Publié dans Le Temps le 09 - 06 - 2018

Un manque à gagner annuel de l'ordre de 500.000 dinars, en raison de la poursuite d'un contrat tacite et caduque avec la COTUSAL sous la convention de 1949 à un franc français à raison d'un hectare par an
L'Instance de vérité et dignité vient récemment de dénoncer l'exploitation abusive du sous sol tunisien par les entreprises étrangères et notamment françaises. Ainsi le cas racombolesque et intriguant de la Compagnie Génréale des Salines de Tunisie COTUSAL ne peut que soulever moult questions surtout après l'approbation de l'article 13 de la constitution régissant la gouvernance des ressources naturelles. L'observatoire Tunisien de l'Economie vient de raviver une problématique demeurée indéfinement en veilleuse. L'exploitation du sel marin serait-il du domaine des ressources naturelles ?
En effet et en vertu d'une convention signée en 1949 entre l'Etat tunisien et la COTUSAL, cette dernière dont le capital actuel est de 65% étranger et 35% tunisien, exploite les salines tunisiennes de « Thyna » et de « Sahline »7 ) à un franc français à raison d'un hectare par an. Une nouvelle concession de 11 200 hectares située entre Mahdia et Sfax avec une durée d'exploitation de 30 ans a été accordée à la société par le gouvernement de Mehdi Jomaa. Une concession qui n'a pas pris en considération l'article 13 de la constitution.

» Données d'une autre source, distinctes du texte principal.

lemma rot_guard_eq:
  assumes "mden (x + p) q \<noteq> 0"
  shows "rot_guard p q x = (mden (x + p) q)^3 * mden (rot x (x + p) q - p) q"
proof -
  define D where "D = mden (x + p) q"
  define w where "w = rot_numer x (x + p) q - D *\<^sub>R p"
  have D: "D \<noteq> 0"
    using assms by (simp add: D_def)
  have "rot x (x + p) q - p = (1 / D) *\<^sub>R w"
    using D by (simp add: rot_eq_numer[OF assms] D_def[symmetric] w_def scaleR_diff_right)
  then have "mden (rot x (x + p) q - p) q = (mink w w + q\<^sup>2 * D\<^sup>2) / D\<^sup>2"
    using D by (simp add: mden_def mink_bilinear field_simps power2_eq_square)
  moreover have "rot_guard p q x = D * (mink w w + q\<^sup>2 * D\<^sup>2)"
    by (simp add: rot_guard_def D_def w_def)
  ultimately show ?thesis
    unfolding D_def[symmetric] using D by (simp add: field_simps power2_eq_square power3_eq_cube)
qed

lemma rot_guard_nonzero:
  assumes "rot_guard p q x \<noteq> 0"
  shows "mden (x + p) q \<noteq> 0" "mden (rot x (x + p) q - p) q \<noteq> 0"
proof -
  show D: "mden (x + p) q \<noteq> 0"
    using assms by (auto simp: rot_guard_def)
  show "mden (rot x (x + p) q - p) q \<noteq> 0"
    using assms rot_guard_eq[OF D] by auto
qed

lemma rot_guard_0_nonzero:
  assumes "mden p q \<noteq> 0"
  shows "rot_guard p q 0 \<noteq> 0"
proof -
  have "rot 0 p q = 0"
    by (simp add: rot_def mink_bilinear vec3_eq_iff)
  then show ?thesis
    using assms rot_guard_eq[of 0 p q] by (simp add: mden_minus)
qed

lemma birational3_rot:
  assumes "mden p q \<noteq> 0" "\<And>x. mden (x + p) q \<noteq> 0 \<Longrightarrow> f x = rot x (x + p) q"
  shows "birational3 f"
  unfolding birational3_def
proof (intro conjI exI allI impI)
  have p': "mden (- p) q \<noteq> 0"
    using assms(1) by (simp add: mden_minus)
  show "rational_map3 f"
    using assms by (rule rational_map3_rot)
  show "rational_map3 (\<lambda>u. rot u (u + - p) q)"
    by (rule rational_map3_rot[OF p']) (rule refl)
  show "nonzero_poly3 (rot_guard p q)" "nonzero_poly3 (rot_guard (- p) q)"
    unfolding nonzero_poly3_def using poly3_rot_guard rot_guard_0_nonzero assms(1) p' by blast+
  show "rot (f x) (f x + - p) q = x" if "rot_guard p q x \<noteq> 0" for x
    using rot_rot_inverse[OF rot_guard_nonzero[OF that]] assms(2)[OF rot_guard_nonzero(1)[OF that]]
    by simp
  show "f (rot u (u + - p) q) = u" if "rot_guard (- p) q u \<noteq> 0" for u
    using rot_rot_inverse[OF rot_guard_nonzero[OF that]] assms(2) rot_guard_nonzero(2)[OF that]
    by simp
qed

lemma nonzero_poly3_mden: "nonzero_poly3 (\<lambda>s. mden s q)"
  unfolding nonzero_poly3_def
proof
  show "poly3 (\<lambda>s. mden s q)"
    using poly3_mden_shift[of 0 q] by simp
  have "mden (\<chi> i. if i = 0 then 1 else 0) q = 1 + q\<^sup>2"
    by (simp add: mden_def mink_def)
  then show "\<exists>s. mden s q \<noteq> 0"
    by (metis add_pos_nonneg less_irrefl zero_less_one zero_le_power2)
qed

lemma quadrirational3_Rhat: "quadrirational3 Rhat"
  unfolding quadrirational3_def
proof (intro allI conjI exI impI)
  fix a b :: real
  show "birational3 (\<lambda>x. fst (Rhat a b (x, y)))" if "mden y (a - b) \<noteq> 0" for y
    using that by (rule birational3_rot) (simp add: Rhat_eq_rot den_eq_mden)
  show "birational3 (\<lambda>y. snd (Rhat a b (x, y)))" if "mden x (a - b) \<noteq> 0" for x
    using that by (rule birational3_rot) (simp add: Rhat_eq_rot den_eq_mden add.commute)
qed (rule nonzero_poly3_mden)+

theorem theorem4p1:
  shows "parametric_YB_map Rhat_dom Rhat \<and> quadrirational3 Rhat \<and>
    (\<forall>a b x y u v. Rhat_dom a b (x, y) \<longrightarrow> Rhat a b (x, y) = (u, v) \<longrightarrow>
       u + v = x + y \<and> mink u u = mink x x \<and> mink v v = mink y y \<and>
       (\<forall>z. Lax u a z ** Lax v b z = Lax y b z ** Lax x a z))"
proof (intro conjI allI impI)
  show "parametric_YB_map Rhat_dom Rhat"
    by (rule parametric_YB_map_Rhat)
  show "quadrirational3 Rhat"
    by (rule quadrirational3_Rhat)
  fix a b x y u v z
  assume "Rhat_dom a b (x, y)" "Rhat a b (x, y) = (u, v)"
  then show "u + v = x + y" "mink u u = mink x x" "mink v v = mink y y"
    and "Lax u a z ** Lax v b z = Lax y b z ** Lax x a z"
    by (rule Rhat_conservation Rhat_Lax)+
qed

end
lemma preimage_mass_Cons:
  assumes S: "S \<subseteq> {..<n}" and y: "y < n" and w: "set w \<subseteq> {..<n}"
  shows "preimage_mass n S (y # w) = (2 * (real n - real (card S)) - 1) * opening_mass n S (y # w)
           + step_prob n S y * preimage_mass n (insert y S) w"
proof -
  let ?T = "{..<n} - S"
  define F where "F z = init_prob_aux n S (z # y # w)" for z
  have hits: "(\<Sum>z<n. if z = fst p \<or> z = snd p then F z else 0)
      = (if fst p = snd p then F (fst p) else F (fst p) + F (snd p))" if "p \<in> ?T \<times> ?T" for p
  proof -
    have "{z\<in>{..<n}. z = fst p \<or> z = snd p} = {fst p, snd p}" using that by auto
    then show ?thesis by (auto simp: sum.inter_filter[symmetric])
  qed
  have "preimage_mass n S (y # w)
      = (\<Sum>p\<in>?T \<times> ?T. if fst p = snd p then F (fst p) else F (fst p) + F (snd p))
        + (\<Sum>p\<in>?T \<times> ?T.
            if y = fst p \<or> y = snd p then 0 else step_prob n S y * preimage_prob n (insert y S) p w)"
    unfolding preimage_mass_def preimage_prob_Cons[OF y w] F_def[symmetric]
    by (simp add: sum.distrib hits)
  also have "(\<Sum>p\<in>?T \<times> ?T. if fst p = snd p then F (fst p) else F (fst p) + F (snd p))
      = (2 * (real n - real (card S)) - 1) * opening_mass n S (y # w)"
    using sum_pair_members[of ?T F] card_lessThan_diff[OF S]
    by (simp add: F_def opening_mass_def case_prod_beta)
  also have "(\<Sum>p\<in>?T \<times> ?T.
        if y = fst p \<or> y = snd p then 0 else step_prob n S y * preimage_prob n (insert y S) p w)
      = (\<Sum>p\<in>({..<n} - insert y S) \<times> ({..<n} - insert y S).
          step_prob n S y * preimage_prob n (insert y S) p w)"
    by (rule sum.mono_neutral_cong_right) auto
  also have "\<dots> = step_prob n S y * preimage_mass n (insert y S) w"
    unfolding preimage_mass_def by (simp add: sum_distrib_left)
  finally show ?thesis .
qed

lemma opening_mass_Cons_opened:
  assumes S: "S \<subseteq> {..<n}" and y: "y \<in> S"
  shows "opening_mass n S (y # w)
    = real n / ((1 + real (card S)) * (2 * real n - (1 + real (card S)))) * opening_mass n S w"
proof -
  have fin: "finite S" using S finite_subset by blast
  have "step_prob n S x * init_prob_aux n (insert x S) (y # w) =
      real n / ((1 + real (card S)) * (2 * real n - (1 + real (card S))))
      * (step_prob n S x * init_prob_aux n (insert x S) w)"
    if x: "x \<in> {..<n} - S" for x
  proof -
    have "insert y (insert x S) = insert x S" using y by auto
    moreover have "step_prob n (insert x S) y
        = real n / ((1 + real (card S)) * (2 * real n - (1 + real (card S))))"
      using step_prob_eq[of "insert x S" n y] S x y fin by auto
    ultimately show ?thesis by simp
  qed
  then show ?thesis
    unfolding opening_mass_def sum_distrib_left by (intro sum.cong) auto
qed

lemma opening_mass_Cons_new:
  assumes S: "S \<subseteq> {..<n}" and y: "y < n" "y \<notin> S"
  shows "opening_mass n S (y # w) = step_prob n S y *
    (real n / ((1 + real (card S)) * (2 * real n - (1 + real (card S))))
       * init_prob_aux n (insert y S) w
     + opening_mass n (insert y S) w)"
proof -
  have fin: "finite S" using S finite_subset by blast
  have Sy: "insert y S \<subseteq> {..<n}" using S y by auto
  have T: "{..<n} - S = insert y ({..<n} - insert y S)" using y by auto
  have exchange:
    "step_prob n S x * step_prob n (insert x S) y = step_prob n S y * step_prob n (insert y S) x"
    if x: "x \<in> {..<n} - insert y S" for x
    using step_prob_eq[of "insert x S" n y] step_prob_eq[OF Sy, of x] step_prob_eq[OF S, of x]
      step_prob_eq[OF S, of y] S x y fin by auto
  have "opening_mass n S (y # w) = step_prob n S y * init_prob_aux n (insert y S) (y # w)
      + (\<Sum>x\<in>{..<n} - insert y S. step_prob n S x * init_prob_aux n (insert x S) (y # w))"
    unfolding opening_mass_def by (subst T, subst sum.insert) auto
  also have "init_prob_aux n (insert y S) (y # w) =
      real n / ((1 + real (card S)) * (2 * real n - (1 + real (card S))))
      * init_prob_aux n (insert y S) w"
    using step_prob_eq[OF Sy, of y] y fin by simp
  also have "(\<Sum>x\<in>{..<n} - insert y S. step_prob n S x * init_prob_aux n (insert x S) (y # w))
      = step_prob n S y * opening_mass n (insert y S) w"
    unfolding opening_mass_def sum_distrib_left
  proof (intro sum.cong refl)
    fix x assume "x \<in> {..<n} - insert y S"
    moreover have "insert y (insert x S) = insert x (insert y S)" by auto
    ultimately show "step_prob n S x * init_prob_aux n (insert x S) (y # w) =
        step_prob n S y * (step_prob n (insert y S) x * init_prob_aux n (insert x (insert y S)) w)"
      using exchange by (simp add: mult.assoc[symmetric])
  qed
  finally show ?thesis by (simp add: distrib_left)
qed

lemma preimage_defect_Nil:
  assumes S: "S \<subseteq> {..<n}" and n: "n > 0"
  shows "preimage_defect n S [] = 0"
proof -
  have fin: "finite S" using S finite_subset by blast
  have j: "real (card S) \<le> real n" using card_le_of_subset_lessThan[OF S] by simp
  have "preimage_mass n S [] = (real n - real (card S))^2"
    using card_lessThan_diff[OF S]
    by (simp add: preimage_mass_def preimage_prob_def sum_lists_len_Suc sum_step_prob[OF S n]
      power2_eq_square)
  moreover have "real (card S) * (2 * real n - real (card S)) * opening_mass n S []
      = real (card S) * (real n - real (card S))" if "S \<noteq> {}"
  proof -
    have "opening_mass n S [] = (\<Sum>x\<in>{..<n} - S. 1 / (2 * real n - real (card S)))"
      unfolding opening_mass_def using step_prob_eq[OF S] that by (intro sum.cong) auto
    also have "\<dots> = (real n - real (card S)) / (2 * real n - real (card S))"
      using card_lessThan_diff[OF S] by simp
    finally show ?thesis using j n by simp
  qed
  ultimately show ?thesis
    unfolding preimage_defect_def by (cases "S = {}") (auto simp: power2_eq_square algebra_simps)
qed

Ce dernier stipule que : « Les ressources naturelles sont la propriété du peuple tunisien. La souveraineté de l'Etat sur ces ressources est exercée en son nom. Les contrats d'investissement relatifs à ces ressources sont soumis à la commission spécialisée au sein de l'Assemblée des Représentants du Peuple. Les conventions ratifiées au sujet de ces ressources sont soumises à l'Assemblée pour approbation ». Or selon l'OTE, l'octroi de la nouvelle concession n'a pas été soumis pour approbation au Parlement.
Pour la COTUSAL, elle est loin d'exploiter les ressources naturelles et affirme que « l'essentiel de sa production est constituée de sel marin qui est extrait à partir de l'eau de mer considérée comme source intassable. Tel est l'argument avancé par la COTUSAL pour éviter de tomber sous le coup de l'article 13 de la constitution.
D'un gisement qui à terme pourrait s'épuiser ». Ainsi, la COTUSAL précise « On prétend que la COTUSAL exploite, dans le cadre de la Convention de 1949, les ressources naturelles du sous-sol tunisien alors que cette entreprise ne produit jusqu'à ce jour que du sel marin à partir de l'eau de mer qui est considérée comme une source intarissable.
Pour l'OTE, la réponse est catégorique et ne prête à aucune équivoque, le sel est bel et bien une ressource naturelle et une richesse nationale donc la COTUSAL devra inlassablement être soumise à l'article 13 de la constitution.
« Le sel marin est une ressource naturelle et ne peut être défini autrement. De ce fait, les conventions entre l'Etat tunisien et les exploitants du sel marin doivent obligatoirement être soumises aux disposition de l'article 13. Ainsi, l'article 13 de la Constitution représente certes un premier pas vers une gouvernance des ressources naturelles plus équitable et plus transparente, mais la polémique autour de la COTUSAL et de la convention de 1949 qui régit les deux plus grandes salines du pays a permis de révéler qu'il y a encore du chemin à parcourir afin de clarifier les définitions de ressources naturelles », conclut l'OTE.
Le gouvernement dispose d'une possibilité de rattrapage, l'Etat doit notifier un avis à la COTUSAL 10 ans avant l'expiration de la période de prolongation en cours, c'est- à-dire avant la fin de l'année 2019, faute de quoi la convention sera reconduite jusqu'à 2044. Faut-il rappeler toujours selon l‘OTE, que l'Etat a enregistré un manque à gagner annuel de l'ordre de 500.000 dinars, en raison de la poursuite du contrat avec la COTUSAL sous la convention 1949 et non pas sous le code des mines, ce qui représente la somme de 7.500.000 dinars depuis l'entrée en vigueur de ce code(2003), et un manque à gagner annuel de l'ordre de 400.000 dinars des taxes dues à l'Agence de Protection et d'Aménagement du Littoral (APAL) que la COTUSAL ne paye pas sous la convention 1949, ce qui représente la somme de 9.200.000 dinars à l'APAL depuis la création de cette dernière (1995).